Makes sense. Care to define "fairly slow"? 100ms? .5 sec?
>
>The other type of application is where speed is critical and possibly latency
>is of concern too. In this application, saving the user data to anything but
>the computer RAM may be impractical for speed considerations. In this case,
>the machine integrator should be able to inhibit saving data to the physical
>disk or RAM disk card during each scan and instead rely on good electrical
>design such as a power stabilizer and a solid UPS. The Linux PLC would need to
>support the typical serial communications to a UPS for orderly shutdown in this
>application.

I like this flexibility. However it comes with caveat. if we call this thing a PLC, then where we differ from standard PLC practice, as this would, needs to be flagged wit BIG RED warnings.
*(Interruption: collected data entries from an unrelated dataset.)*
(* Let $E$ be a Banach lattice. Then: (1) every un-convergent net in $E$ has an embedded sequence that is uo-convergent to the same limit. If $E$ has an order continuous norm, then moreover: (2) every un-convergent net in $E$ has an embedded sequence that is uo-convergent as well as un-convergent to the same limit; (3) a sequence in $E$ is un-convergent to $x\in E$ if and only if every subsequence has a further subsequence that is uo-convergent to $x$.
   Context: All vector lattices are real and Archimedean. A net $(x_\alpha)$ in $E$ order converges to $x$ if there is a net $y_\beta\downarrow 0$ such that for each $\beta_0$ there is $\alpha_0$ with $|x_\alpha-x|\leq y_{\beta_0}$ for $\alpha\geq\alpha_0$; it uo-converges to $x$ if $|x_\alpha-x|\wedge|y|$ order converges to $0$ for every $y\in E$. A net $(x_\alpha)$ in a Banach lattice $E$ un-converges to $x$ if $\| |x_\alpha-x|\wedge|y| \|\to0$ for every $y\in E$. Embedded sequence: given a net $(x_\alpha)_{\alpha\in A}$, a sequence $(x_{\alpha_n})_{n\geq1}$ with $\alpha_1\leq\alpha_2\leq\dotsb$ in $A$, where moreover $\alpha_1<\alpha_2<\dotsb$ when $A$ has no largest element (the $\alpha_n$ need not be cofinal). *)

theory Defs
  imports "HOL-Analysis.Analysis"
begin

text \<open>Banach lattices: a real Banach space which is a vector lattice (ordered real
vector space whose order is a lattice) with a lattice norm.
Archimedeanity is automatic for normed lattices.\<close>

class banach_lattice = banach + ordered_real_vector + lattice +
  assumes lattice_norm: "sup x (- x) \<le> sup y (- y) \<Longrightarrow> norm x \<le> norm y"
Also I am somewhat concerned about less experienced application programmers, who may not realize exactly what existing behavior there programming style relies on.

Any thoughts on this?
>
>Regarding the nomenclature (AB versus GE versus Modicon versus JohnDoePLC),
>there may be some limitations being designed in with this decision. If we
>select AB nomenclature (here I assume microLogix/SLC500/PLC5 is what is
>considered rather than ControLogix or SoftLogix5), how can the PLC support
>structures and unions for instance? If each new fancy ladder instruction that
>gets added (a specialized PID maybe) drives a new data type, a new fixed data
>type would need to be created anyway. Maybe I'm misreading the discussions so
>far, but I would prefer to see a set of predefined ladder data types (atomic
>types to timer structures) and also give the end user the ability to make up
>their own data types, such as a structure to encapsulate all the data and
>actions for a VFD or air driven slide. The actual names of these data types
>for use in the ladder application should be set up by the end user through a
>tag database, not by this project. That would allow various users to have
>their familiar data file naming conventions, or conventions that are driven by
>the machine process being controlled.

Oh, I am absolutely in favor of allowing user defined structs, like in C these would really be composites of existing data types. Having said this, I would put this into version 2.x of the project. Lets get 1.x stable and working, and looking as much like an existing PLC as possible. so that we can get some people in the real world looking at deploying, at least, test installations. The we can add the fancy
enhancements, that will draw in the crowd.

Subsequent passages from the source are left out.